Using the listing below, work out how many lines include the word "RBot". Only the number is to be given.

# INFORMATION
---*---

lemma maj_matrix_entries:
  "maj_matrix N N = 1" "maj_matrix N Y = -1" "maj_matrix N (In Sig) = -1" "maj_matrix N (In Sig') = 1"
  "maj_matrix Y N = 0" "maj_matrix Y Y = 1" "maj_matrix Y (In Sig) = 1" "maj_matrix Y (In Sig') = -1"
  "maj_matrix (In Sig) N = 0" "maj_matrix (In Sig) Y = 0" "maj_matrix (In Sig) (In Sig) = 0"
  "maj_matrix (In Sig) (In Sig') = -1"
  "maj_matrix (In Sig') N = 0" "maj_matrix (In Sig') Y = 0" "maj_matrix (In Sig') (In Sig) = -1"
  "maj_matrix (In Sig') (In Sig') = 0"
  by (simp_all add: maj_matrix_def)

text \<open>The listed rules are exactly the game dynamics of the payoff matrix: an agent
  with negative payoff switches to its (here unique) best response other than itself.\<close>
lemma maj_trans_game: "maj_trans = game_trans maj_matrix"
proof -
  have "(a, b, c, d) \<in> maj_trans \<longleftrightarrow> (a, b, c, d) \<in> game_trans maj_matrix" for a b c d
    using st_cases[of a] st_cases[of b] st_cases[of c] st_cases[of d]
    by (elim disjE)
      (simp_all add: maj_trans_def maj_rules_def game_trans_def BR_neq_def maj_matrix_entries all_st)
  then show ?thesis by auto
qed


lemma maj_step_cases:
  assumes "step maj_protocol C C'"
  obtains q1 q2 q1' q2' where "(q1, q2, q1', q2') \<in> maj_rules" "{#q1, q2#} \<subseteq># C"
     "C' = C - {#q1, q2#} + {#q1', q2'#}"
  | "C' = C"
proof -
  obtain q1 q2 q1' q2' where t: "(q1, q2, q1', q2') \<in> maj_trans" and sub: "{#q1, q2#} \<subseteq># C"
     and C': "C' = C - {#q1, q2#} + {#q1', q2'#}"
    using assms unfolding step_def maj_protocol_def by auto
  show ?thesis
  proof (cases "(q1, q2, q1', q2') \<in> maj_rules")
    case False
    then have "q1' = q1 \<and> q2' = q2" using t unfolding maj_trans_def by auto
    then show ?thesis using that C' sub by (metis subset_mset.diff_add)
  qed (use that sub C' in blast)
qed

lemma maj_fire:
  assumes "(q1, q2, q1', q2') \<in> maj_rules" "{#q1, q2#} \<subseteq># C"
  shows "step maj_protocol C (C - {#q1, q2#} + {#q1', q2'#})"
  using assms unfolding step_def maj_protocol_def maj_trans_def
  by (intro exI[of _ q1] exI[of _ q2] exI[of _ q1'] exI[of _ q2']) simp

text \<open>Configurations without N and sigma' (all yes), or without Y and sigma (all no),
  cannot change: no rule applies to two agents holding the same opinion.\<close>
definition all_yes :: "st multiset \<Rightarrow> bool" where
  "all_yes C \<longleftrightarrow> N \<notin># C \<and> In Sig' \<notin># C"

definition all_no :: "st multiset \<Rightarrow> bool" where
  "all_no C \<longleftrightarrow> Y \<notin># C \<and> In Sig \<notin># C"
definition left_rule :: "'a pcond set \<Rightarrow> ('a program \<Rightarrow> 'a program) \<Rightarrow> 'a program
                          \<Rightarrow> 'a state \<Rightarrow> 'a state \<Rightarrow> bool" where
  "left_rule PL g \<Pi> S S' \<longleftrightarrow>
     \<comment> \<open>Conclude_L\<close>
     (\<exists>L. S = St L [] SL \<and> inconsistent L \<and> no_dec L \<and> S' = Failstate)
   \<or> \<comment> \<open>Backtrack_L\<close>
     (\<exists>L l L'. S = St (L @ [RDec l] @ L') [] SL \<and> inconsistent (L @ [RDec l] @ L')
        \<and> no_dec L' \<and> S' = St (L @ [RLit (compl l)]) [] SL)
   \<or> \<comment> \<open>Propagate_L\<close>
     (\<exists>L l. S = St L [] SL \<and> l \<in> Out PL (g \<Pi>) (rlits L) \<and> S' = St (L @ [RLit l]) [] SL)
   \<or> \<comment> \<open>Decide_L\<close>
     (\<exists>L l. S = St L [] SL \<and> \<not> inconsistent L \<and> atom_of l \<in> atoms (g \<Pi>)
        \<and> l \<notin> rlits L \<and> compl l \<notin> rlits L \<and> S' = St (L @ [RDec l]) [] SL)"

definition right_rule :: "'a pcond set \<Rightarrow> ('a program \<Rightarrow> 'a lit set \<Rightarrow> 'a program) \<Rightarrow> 'a program
                          \<Rightarrow> 'a state \<Rightarrow> 'a state \<Rightarrow> bool" where
  "right_rule PR t \<Pi> S S' \<longleftrightarrow>
     \<comment> \<open>Conclude_R\<close>
     (\<exists>L R. S = St L R SR \<and> inconsistent R \<and> no_dec R \<and> S' = Ok L)
   \<or> \<comment> \<open>Backtrack_R\<close>
     (\<exists>L R l R'. S = St L (R @ [RDec l] @ R') SR \<and> inconsistent (R @ [RDec l] @ R')
        \<and> no_dec R' \<and> S' = St L (R @ [RLit (compl l)]) SR)
   \<or> \<comment> \<open>Propagate_R\<close>
     (\<exists>L R l. S = St L R SR \<and> l \<in> Out PR (t \<Pi> (rlits L)) (rlits R)
        \<and> S' = St L (R @ [RLit l]) SR)
   \<or> \<comment> \<open>Decide_R\<close>
     (\<exists>L R l. S = St L R SR \<and> \<not> inconsistent R \<and> atom_of l \<in> atoms (t \<Pi> (rlits L))
        \<and> l \<notin> rlits R \<and> compl l \<notin> rlits R \<and> S' = St L (R @ [RDec l]) SR)"

text \<open>A rule "applies" at a node when it yields an edge to some node of the graph.\<close>
definition T_edges :: "'a pcond set \<Rightarrow> 'a pcond set \<Rightarrow> ('a program \<Rightarrow> 'a program)
                       \<Rightarrow> ('a program \<Rightarrow> 'a lit set \<Rightarrow> 'a program) \<Rightarrow> 'a program
                       \<Rightarrow> ('a state \<times> 'a state) set" where
  "T_edges PL PR g t \<Pi> =
     (let N = T_nodes g t \<Pi>;
          lapp = (\<lambda>S. \<exists>S'\<in>N. left_rule PL g \<Pi> S S');
          rapp = (\<lambda>S. \<exists>S'\<in>N. right_rule PR t \<Pi> S S')
      in {(S, S'). S \<in> N \<and> S' \<in> N \<and>
           (left_rule PL g \<Pi> S S'
            \<or> \<comment> \<open>Cross_LR\<close>
              (\<exists>L. S = St L [] SL \<and> \<not> lapp S \<and> S' = St L [] SR)
            \<or> right_rule PR t \<Pi> S S'
            \<or> \<comment> \<open>Conclude_RL\<close>
              (\<exists>L R. S = St L R SR \<and> \<not> rapp S \<and> no_dec L \<and> S' = Failstate)
            \<or> \<comment> \<open>Backtrack_RL\<close>
              (\<exists>L l L' R. S = St (L @ [RDec l] @ L') R SR \<and> \<not> rapp S \<and> no_dec L'
                 \<and> S' = St (L @ [RLit (compl l)]) [] SL))})"

end

theory Submission
  imports Defs "HOL-Library.List_Lexorder" "HOL-Library.Product_Lexorder"
begin

text \<open>
  Acyclicity: rank a state by the lexicographic tuple (terminal?, L, side, R), where a record
  is read as the word obtained by weighting decision literals 1 and all other entries 2.
  Propagate and Decide extend a record, Backtrack replaces a suffix starting with a decision by
  a single non-decision entry, Cross only flips the side, and Conclude reaches a terminal state;
  each of these strictly increases the rank, so no edge lies on a cycle.
  Finiteness: records are lists without repeated literals over finitely many atoms.
  Neither argument depends on the p-conditions, which only determine which literals are propagated.
\<close>

fun relem_weight :: "'a relem \<Rightarrow> nat" where
  "relem_weight (RDec _) = 1"
| "relem_weight (RLit _) = 2"
| "relem_weight RBot = 2"

fun side_weight :: "side \<Rightarrow> nat" where
  "side_weight SL = 0"
| "side_weight SR = 1"

fun state_rank :: "'a state \<Rightarrow> nat \<times> nat list \<times> nat \<times> nat list" where
  "state_rank (St L R s) = (0, map relem_weight L, side_weight s, map relem_weight R)"
| "state_rank (Ok L) = (1, [], 0, [])"
| "state_rank Failstate = (1, [], 0, [])"

lemma list_less_snoc: "(xs :: 'a :: linorder list) < xs @ [x]"
  by (induction xs) auto

lemma list_less_replace_suffix:
  fixes xs ys :: "'a :: linorder list"
  assumes "a < b"
  shows "xs @ a # ys < xs @ [b]"
  using assms by (induction xs) auto

lemmas record_weights_increase = list_less_snoc list_less_replace_suffix[of "Suc 0" 2]

lemma left_rule_rank_less: "left_rule PL g \<Pi> S S' \<Longrightarrow> state_rank S < state_rank S'"
  by (auto simp: left_rule_def less_prod_def record_weights_increase)

lemma right_rule_rank_less: "right_rule PR t \<Pi> S S' \<Longrightarrow> state_rank S < state_rank S'"
  by (auto simp: right_rule_def less_prod_def record_weights_increase)

lemma T_edges_rank_less:
  "(S, S') \<in> T_edges PL PR g t \<Pi> \<Longrightarrow> state_rank S < state_rank S'"
  unfolding T_edges_def Let_def
  by (auto dest: left_rule_rank_less right_rule_rank_less
           simp: less_prod_def record_weights_increase)

lemma acyclic_T_edges: "acyclic (T_edges PL PR g t \<Pi>)"
proof -
  have "acyclic ((T_edges PL PR g t \<Pi>)\<inverse>)"
    by (rule acyclicI_order[where f = state_rank]) (auto dest: T_edges_rank_less)
  then show ?thesis by simp
qed

lemma finite_atoms: "is_program \<Pi> \<Longrightarrow> finite (atoms \<Pi>)"
  unfolding is_program_def atoms_def rule_atoms_def by auto

lemma lits_over_eq: "{l. atom_of l \<in> X} = Pos ` X \<union> Neg ` X"
proof -
  have "l \<in> Pos ` X \<union> Neg ` X" if "atom_of l \<in> X" for l
    using that by (cases l) auto
  then show ?thesis by auto
qed

lemma finite_lits_over: "finite X \<Longrightarrow> finite {l. atom_of l \<in> X}"
  by (simp add: lits_over_eq)

lemma set_record_subset:
  assumes "is_record X L"
  shows "set L \<subseteq> insert RBot (RLit ` {l. atom_of l \<in> X} \<union> RDec ` {l. atom_of l \<in> X})"
proof
  fix e assume e: "e \<in> set L"
  have "atom_of l \<in> X" if "rcontent e = Some l" for l
  proof -
    have "l \<in> rlits L" using e that unfolding rlits_def by force
    then show ?thesis using assms unfolding is_record_def lits_atoms_def by auto
  qed
  then show "e \<in> insert RBot (RLit ` {l. atom_of l \<in> X} \<union> RDec ` {l. atom_of l \<in> X})"
    by (cases e) auto
qed

lemma finite_records: "finite X \<Longrightarrow> finite {L. is_record X L}"
proof -
  assume "finite X"
  let ?E = "insert RBot (RLit ` {l. atom_of l \<in> X} \<union> RDec ` {l. atom_of l \<in> X})"
  have "{L. is_record X L} \<subseteq> {L. set L \<subseteq> ?E \<and> distinct L}"
    using set_record_subset by (auto simp: is_record_def simp: distinct_map)
  moreover have "finite {L. set L \<subseteq> ?E \<and> distinct L}"
    using \<open>finite X\<close> by (intro finite_subset_distinct) (simp add: finite_lits_over)
  ultimately show ?thesis by (rule finite_subset)
qed

lemma finite_states:
  assumes "finite X" "finite X'"
  shows "finite (states X X')"
proof -
  let ?A = "{L. is_record X L}" and ?B = "{R. is_record X' R}"
  have "finite (UNIV :: side set)"
    by (rule finite_subset[of _ "{SL, SR}"]) (use side.exhaust in auto)
  then have "finite (?A \<times> ?B \<times> (UNIV :: side set))"
    using finite_records assms by (intro finite_cartesian_product) auto
  moreover have "states X X' \<subseteq> (\<lambda>(L, R, s). St L R s) ` (?A \<times> ?B \<times> UNIV) \<union> Ok ` ?A \<union> {Failstate}"
    unfolding states_def by (auto intro!: image_eqI)
  ultimately show ?thesis
    using finite_records[OF assms(1)] by (auto intro: finite_subset)
qed

lemma finite_complete_consistent: "finite X \<Longrightarrow> finite {L. consistent L \<and> complete_over L X}"
  by (rule finite_subset[of _ "Pow {l. atom_of l \<in> X}"])
     (auto simp: complete_over_def lits_atoms_def finite_lits_over)

lemma finite_wit_atoms:
  assumes "witness_function t" "is_program \<Pi>" "atoms \<Pi> \<subseteq> X" "finite X"
  shows "finite (wit_atoms t \<Pi> X)"
proof -
  have "finite (atoms (t \<Pi> L))" if "consistent L" "complete_over L X" for L
  proof -
    have "covers L \<Pi>" using that assms(3) unfolding covers_def complete_over_def by simp
    then have "is_program (t \<Pi> L)"
      using assms(1,2) that unfolding witness_function_def by blast
    then show ?thesis by (rule finite_atoms)
  qed
  moreover have "finite {atoms (t \<Pi> L) | L. consistent L \<and> complete_over L X}"
    using finite_complete_consistent[OF assms(4)] by (simp add: setcompr_eq_image)
  ultimately show ?thesis unfolding wit_atoms_def by auto
qed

---*---

# ANSWER BOX
4